A serving of any meat or oily fish like salmon should be the size of the palm (without your fingers) and approximately as thick as a deck of cards. Aim to have a portion of protein this size at every meal and be sure you alternate with other proteins such as fish, beans, or pulses. 

 

Fish

White fish such as haddock, cod or pollock is a great source of protein and since it's very low in fat and calories a portion can be the size of your whole hand including your fingers (about 150g and 100 calories). 

 

Veggies

Cupping your hands together will give you a healthy portion of vegetables. One handful equals one of your five a day. Make sure you have vegetables with every meal and choose mostly vegetables that grow above the ground, as they are lower in starchy carbohydrates.  

 

Starchy carbs (like rice or pasta)

Your closed fist is all you need when it comes to starchy carbohydrates.
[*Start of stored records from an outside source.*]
lemma factor_dev_bound_nonneg: "factor_dev_bound k n \<ge> 0"
  using Q_gt_1 err_bound_nonneg ratio_gt_1 err_nonneg[of n] by (simp add: factor_dev_bound_def)

lemma norm_factor_minus_1_le:
  assumes k: "k \<ge> 1"
  shows "norm (factor k n - 1) \<le> factor_dev_bound k n"
proof (cases "2 \<le> n \<and> n \<noteq> k")
  case True
  then have dev: "norm (factor k n - 1) = err n * (cmod (\<gamma> k) / cmod (\<gamma> n - \<gamma> k))"
    using norm_factor_minus_1 k by simp
  show ?thesis
  proof (cases "n < k")
    case True
    then have "err n * (cmod (\<gamma> k) / cmod (\<gamma> n - \<gamma> k)) \<le> err n * Q"
      using ratio_bound_below[of n k] \<open>2 \<le> n \<and> n \<noteq> k\<close> err_nonneg by (intro mult_left_mono) auto
    then show ?thesis using True dev by (simp add: factor_dev_bound_def mult.commute)
  next
    case False
    then have "err n * (cmod (\<gamma> k) / cmod (\<gamma> n - \<gamma> k)) \<le> err_bound * (Q * (1/q) ^ (n - k))"
      using ratio_bound_above[OF k, of n] \<open>2 \<le> n \<and> n \<noteq> k\<close> err_le_err_bound err_nonneg
        err_bound_nonneg
      by (intro mult_mono) auto
    then show ?thesis using False dev by (simp add: factor_dev_bound_def mult_ac)
  qed
next
  case False
  then show ?thesis using factor_dev_bound_nonneg by (auto simp: factor_def)
qed

definition factor_dev_total :: "nat \<Rightarrow> real" where
  "factor_dev_total k = Q * (\<Sum>i<k. err i) + Q * err_bound * Q"

lemma factor_dev_bound_sums: "factor_dev_bound k sums factor_dev_total k"
proof -
  have "(\<lambda>n. factor_dev_bound k (n + k)) sums (Q * err_bound * Q)"
    using sums_mult[OF geometric_sums_Q, of "Q * err_bound"] by (simp add: factor_dev_bound_def)
  moreover have "(\<Sum>i<k. factor_dev_bound k i) = Q * (\<Sum>i<k. err i)"
    by (simp add: factor_dev_bound_def sum_distrib_left)
  ultimately show ?thesis by (simp add: sums_iff_shift factor_dev_total_def add.commute)
qed

lemma convergent_prod_factor:
  assumes "k \<ge> 1"
  shows "convergent_prod (factor k)"
proof (intro abs_convergent_prod_imp_convergent_prod summable_imp_abs_convergent_prod)
  show "summable (\<lambda>n. norm (factor k n - 1))"
    using norm_factor_minus_1_le[OF assms]
    by (intro summable_comparison_test[OF _ sums_summable[OF factor_dev_bound_sums]]) auto
qed
lemma sorted_sigma_before_concat:
  "sorted_wrt (>) ks \<Longrightarrow>
   sorted_wrt sigma_before (concat (map (\<lambda>k. rev (sort_key (pcol f) (sorted_list_of_set (diagcars n f k)))) ks))"
proof (induction ks)
  case (Cons k ks)
  let ?L = "sort_key (pcol f) (sorted_list_of_set (diagcars n f k))"
  have "sorted_wrt (\<lambda>x y. pcol f x \<le> pcol f y) ?L"
    using sorted_sort_key[of "pcol f"] by (simp add: sorted_map)
  moreover have "distinct ?L" by (simp add: distinct_sort)
  ultimately have s1: "sorted_wrt (\<lambda>x y. pcol f x \<le> pcol f y \<and> x \<noteq> y) ?L"
    using sorted_wrt_conj_neq by blast
  have st: "set ?L = diagcars n f k" by (simp add: finite_diagcars set_sort)
  have "sorted_wrt (\<lambda>x y. sigma_before y x) ?L"
  proof (rule sorted_wrt_mono_rel[OF _ s1])
    fix x y assume xy: "x \<in> set ?L" "y \<in> set ?L" "pcol f x \<le> pcol f y \<and> x \<noteq> y"
    then have "pdiag n f x = k" "pdiag n f y = k" "x \<in> {1..n}" "y \<in> {1..n}"
      using st unfolding diagcars_def by auto
    then have "pcol f x \<noteq> pcol f y" using eq_if_same_pdiag_pcol xy by metis
    then show "sigma_before y x" using xy \<open>pdiag n f x = k\<close> \<open>pdiag n f y = k\<close>
      unfolding sigma_before_def by auto
  qed
  then have "sorted_wrt sigma_before (rev ?L)" by (simp add: sorted_wrt_rev)
  moreover have "\<forall>x\<in>set (rev ?L). \<forall>y\<in>set (concat (map (\<lambda>k. rev (sort_key (pcol f)
      (sorted_list_of_set (diagcars n f k)))) ks)). sigma_before x y"
    using Cons.prems by (auto simp: sigma_before_def finite_diagcars diagcars_def)
  ultimately show ?case using Cons by (simp add: sorted_wrt_append)
qed simp

lemma sorted_diagword: "sorted_wrt diag_before (diagword n f)"
  unfolding diagword_def by (rule sorted_diag_before_concat[OF sorted_wrt_greater_rev_upto])

lemma sorted_sigmaword: "sorted_wrt sigma_before (sigmaword n f)"
  unfolding sigmaword_def by (rule sorted_sigma_before_concat[OF sorted_wrt_greater_rev_upto])

lemma UN_diagcars: "(\<Union>k\<in>{- int n .. int n}. diagcars n f k) = {1..n}"
  using pdiag_bounds unfolding diagcars_def by fastforce

lemma set_diagword: "set (diagword n f) = {1..n}"
  unfolding diagword_def using UN_diagcars by (simp add: finite_diagcars)

lemma set_sigmaword: "set (sigmaword n f) = {1..n}"
  unfolding sigmaword_def using UN_diagcars by (simp add: finite_diagcars set_sort)

lemma distinct_diagword: "distinct (diagword n f)"
  using distinct_if_sorted_wrt_irrefl[OF sorted_diagword] unfolding diag_before_def by auto

lemma distinct_sigmaword: "distinct (sigmaword n f)"
  using distinct_if_sorted_wrt_irrefl[OF sorted_sigmaword] unfolding sigma_before_def by auto

lemma length_diagword: "length (diagword n f) = n"
  using distinct_card[OF distinct_diagword] set_diagword by simp

lemma length_sigmaword: "length (sigmaword n f) = n"
  using distinct_card[OF distinct_sigmaword] set_sigmaword by simp

abbreviation tau :: "nat list" where
  "tau \<equiv> diagword n f"

lemma diag_before_nth:
  "i < i' \<Longrightarrow> i' < n \<Longrightarrow> diag_before (tau ! i) (tau ! i')"
  using sorted_diagword length_diagword by (simp add: sorted_wrt_iff_nth_less)

lemma consec_adj_pdiag_gap:
  assumes ca: "consec_adj tau m" and lt: "pdiag n f (Suc m) < pdiag n f m" and z: "z \<in> {1..n}"
  shows "pdiag n f z = pdiag n f (Suc m) \<Longrightarrow> Suc m \<le> z"
    and "pdiag n f z = pdiag n f (Suc m) + 1 \<Longrightarrow> z \<le> m"
proof -
  obtain j where j: "j + 1 < n" "tau ! j = m" "tau ! (j + 1) = Suc m"
    using ca length_diagword unfolding consec_adj_def by auto
  obtain i where i: "i < n" "tau ! i = z" using z set_diagword length_diagword by (metis in_set_conv_nth)
  consider "i < j" | "i = j" | "i = j + 1" | "i > j + 1" by linarith
  note cases = this
  show "pdiag n f z = pdiag n f (Suc m) \<Longrightarrow> Suc m \<le> z"
    by (rule cases) (use diag_before_nth[of i j] diag_before_nth[of "j + 1" i] i j lt
        in \<open>auto simp: diag_before_def\<close>)
  show "pdiag n f z = pdiag n f (Suc m) + 1 \<Longrightarrow> z \<le> m"
    by (rule cases) (use diag_before_nth[of i j] diag_before_nth[of "j + 1" i] i j lt
        in \<open>auto simp: diag_before_def\<close>)
qed
lemma thin_presents_parallel_paths_equiv:
  assumes "thin X" and "presents Q X"
    and u: "is_path (cgraph Q) x u y" and v: "is_path (cgraph Q) x v y"
  shows "equivclp (pstep Q) (x, u, y) (x, v, y)"
proof -
  obtain Fo Fm where Fm: "bij_betw Fm (Mor (presented Q)) (Mor X)"
    and ends: "\<forall>f\<in>Mor (presented Q). Dom X (Fm f) = Fo (Dom (presented Q) f)
                                       \<and> Cod X (Fm f) = Fo (Cod (presented Q) f)"
    using assms(2) by (auto simp: presents_def groupoid_iso_def)
  have mu: "pclass Q (x, u, y) \<in> Mor (presented Q)" and mv: "pclass Q (x, v, y) \<in> Mor (presented Q)"
    using u v by (simp_all add: pclass_in_Mor_presented)
  moreover have "Fm (pclass Q (x, u, y)) \<in> Mor X" "Fm (pclass Q (x, v, y)) \<in> Mor X"
    using mu mv Fm by (auto simp: bij_betw_def)
  ultimately have "Fm (pclass Q (x, u, y)) = Fm (pclass Q (x, v, y))"
    using \<open>thin X\<close> ends unfolding thin_def by simp
  then have "pclass Q (x, u, y) = pclass Q (x, v, y)"
    using Fm mu mv by (auto simp: bij_betw_def inj_on_def)
  then show ?thesis by (simp add: pclass_eq_iff)
qed

subsection \<open>Abelianisation of words\<close>

definition scale_fun :: "real \<Rightarrow> ('a \<Rightarrow> real) \<Rightarrow> 'a \<Rightarrow> real" where
  "scale_fun r f = (\<lambda>x. r * f x)"

interpretation fun_vs: vector_space scale_fun
  by unfold_locales (auto simp: scale_fun_def algebra_simps)

lemma sum_fun_apply: "(sum f A) x = (\<Sum>a\<in>A. f a x)"
  by (induction A rule: infinite_finite_induct) auto

lemma equivclp_diff_in_span:
  assumes "equivclp r a b" and r_diff: "\<And>x y. r x y \<Longrightarrow> f x - f y \<in> fun_vs.span D"
  shows "f a - f b \<in> fun_vs.span D"
  using assms(1)
proof (induction rule: equivclp_induct)
  case base
  then show ?case by (metis diff_self fun_vs.span_zero)
next
  case (step y z)
  from step(2) have "f y - f z \<in> fun_vs.span D"
  proof
    assume "r z y"
    from fun_vs.span_neg[OF r_diff[OF this]] show ?thesis by simp
  qed (rule r_diff)
  then have "(f a - f y) + (f y - f z) \<in> fun_vs.span D"
    using step.IH by (rule fun_vs.span_add[rotated])
  then show ?case by (metis add_diff_eq diff_add_cancel)
qed

text \<open>The image of a word in the real 1-chains: the exponent sum of each arrow.\<close>
fun abel :: "'a letter list \<Rightarrow> 'a \<Rightarrow> real" where
  "abel [] = 0"
| "abel (l # w) = (\<lambda>e. (if e = fst l then (if snd l then 1 else -1) else 0)) + abel w"

lemma abel_append: "abel (u @ v) = abel u + abel v"
  by (induction u) (auto simp: add.assoc)

lemma abel_cancel: "abel [l, linv l] = 0"
  by (cases l) (auto simp: fun_eq_iff)

lemma abel_winv: "abel (winv w) = - abel w"
proof (induction w)
  case (Cons l w)
  have "abel [linv l] = - abel [l]" by (cases l) (auto simp: fun_eq_iff)
  then show ?case using Cons by (simp add: winv_def abel_append fun_eq_iff)
qed (simp add: winv_def)

definition relator_vec :: "('v,'a,'c) computad \<Rightarrow> 'c \<Rightarrow> 'a \<Rightarrow> real" where
  "relator_vec Q \<alpha> = abel (word (csrc Q \<alpha>)) - abel (word (ctgt Q \<alpha>))"

lemma equivclp_pstep_abel:
  assumes "equivclp (pstep Q) p q"
  shows "abel (word p) - abel (word q) \<in> fun_vs.span (relator_vec Q ` cells Q)"
  using assms
proof (rule equivclp_diff_in_span)
  fix p q assume "pstep Q p q"
  then show "abel (word p) - abel (word q) \<in> fun_vs.span (relator_vec Q ` cells Q)"
  proof (induction rule: pstep.induct)
    case (cancel x u l v y)
    then show ?case
      by (simp only: word_def prod.sel abel_append abel_cancel add_0_left diff_self fun_vs.span_zero)
  next
    case (relate \<alpha> x u v y)
    then show ?case by (simp add: word_def abel_append relator_vec_def fun_vs.span_base)
  qed
qed

subsection \<open>Loops span the cycle space\<close>

lemma cycle_orthogonal_coboundary:
  assumes "c \<in> cycles G"
  shows "(\<Sum>e | c e \<noteq> 0. c e * (h (gtgt G e) - h (gsrc G e))) = 0"
proof -
  define F where "F = {e. c e \<noteq> 0}"
  define V where "V = gsrc G ` F \<union> gtgt G ` F"
  have "finite F" using assms by (simp add: cycles_def chains1_def F_def)
  then have "finite V" by (simp add: V_def)
  have "0 = (\<Sum>v\<in>V. h v * bdry G c v)"
    using assms by (simp add: cycles_def)
  also have "\<dots> = (\<Sum>e\<in>F. (\<Sum>v\<in>V. if gtgt G e = v then c e * h v else 0)
                         - (\<Sum>v\<in>V. if gsrc G e = v then c e * h v else 0))"
    unfolding bdry_def F_def[symmetric] sum_distrib_left sum_subtractf[symmetric]
    by (subst sum.swap) (auto intro!: sum.cong simp: right_diff_distrib)
  also have "\<dots> = (\<Sum>e\<in>F. c e * (h (gtgt G e) - h (gsrc G e)))"
    using \<open>finite V\<close> by (intro sum.cong) (auto simp: V_def sum.delta right_diff_distrib)
  finally show ?thesis by (simp add: F_def)
qed
text \<open>Subtracting the equations of a root \<open>r\<close> of \<open>r\<^sup>3 - \<tau> r\<^sup>2 + m r - D = 0\<close> at \<open>y\<close> and at
  \<open>x\<^sub>0\<close> expresses \<open>r y - r x\<^sub>0\<close> through the increments of the coefficients, divided by the
  divided difference of the cubic, which stays \<open>\<ge> c > 0\<close> while \<open>r\<close> stays in \<open>[0, L]\<close>.\<close>
lemma cubic_root_difference:
  fixes tau m D r :: "real \<Rightarrow> real"
  assumes root: "eventually (\<lambda>y. r y ^3 - tau y * r y^2 + m y * r y - D y = 0 \<and> 0 \<le> r y \<and> r y \<le> L) (nhds x0)"
    and c: "c \<le> m x0 - 2 * tau x0 * L" "0 \<le> tau x0"
  shows "eventually (\<lambda>y. (r y - r x0) * cubic_divided_difference (tau x0) (m x0) (r y) (r x0)
      = (tau y - tau x0) * r y^2 - (m y - m x0) * r y + (D y - D x0)
    \<and> c \<le> cubic_divided_difference (tau x0) (m x0) (r y) (r x0) \<and> 0 \<le> r y \<and> r y \<le> L) (nhds x0)"
proof -
  have root0: "r x0 ^3 - tau x0 * r x0^2 + m x0 * r x0 - D x0 = 0" "0 \<le> r x0" "r x0 \<le> L"
    using root unfolding eventually_nhds by blast+
  from root show ?thesis
  proof eventually_elim
    case (elim y)
    then show ?case
      using root0 cubic_divided_difference_ge[of "r y" L "r x0" "tau x0" "m x0"] c
      unfolding cubic_divided_difference_def
      by (auto simp: algebra_simps power2_eq_square power3_eq_cube)
  qed
qed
This might look small, but it packs a punch when it comes to your carbohydrate intake. 75g of pasta are the equivalent of 18% of your daily carbohydrate intake.

 

Fats (like butter, oil)

Any fat - butter, oil, and spreads such as peanut butter - should be a serving of the size of the end of your thumb, from the knuckle to the tip of the nail. To keep fuller for longer make sure you have a portion with each main meal.

 

Treats

A piece of chocolate (preferably the dark kind) should be no bigger than the size of your index finger. This is an appropriate treat size.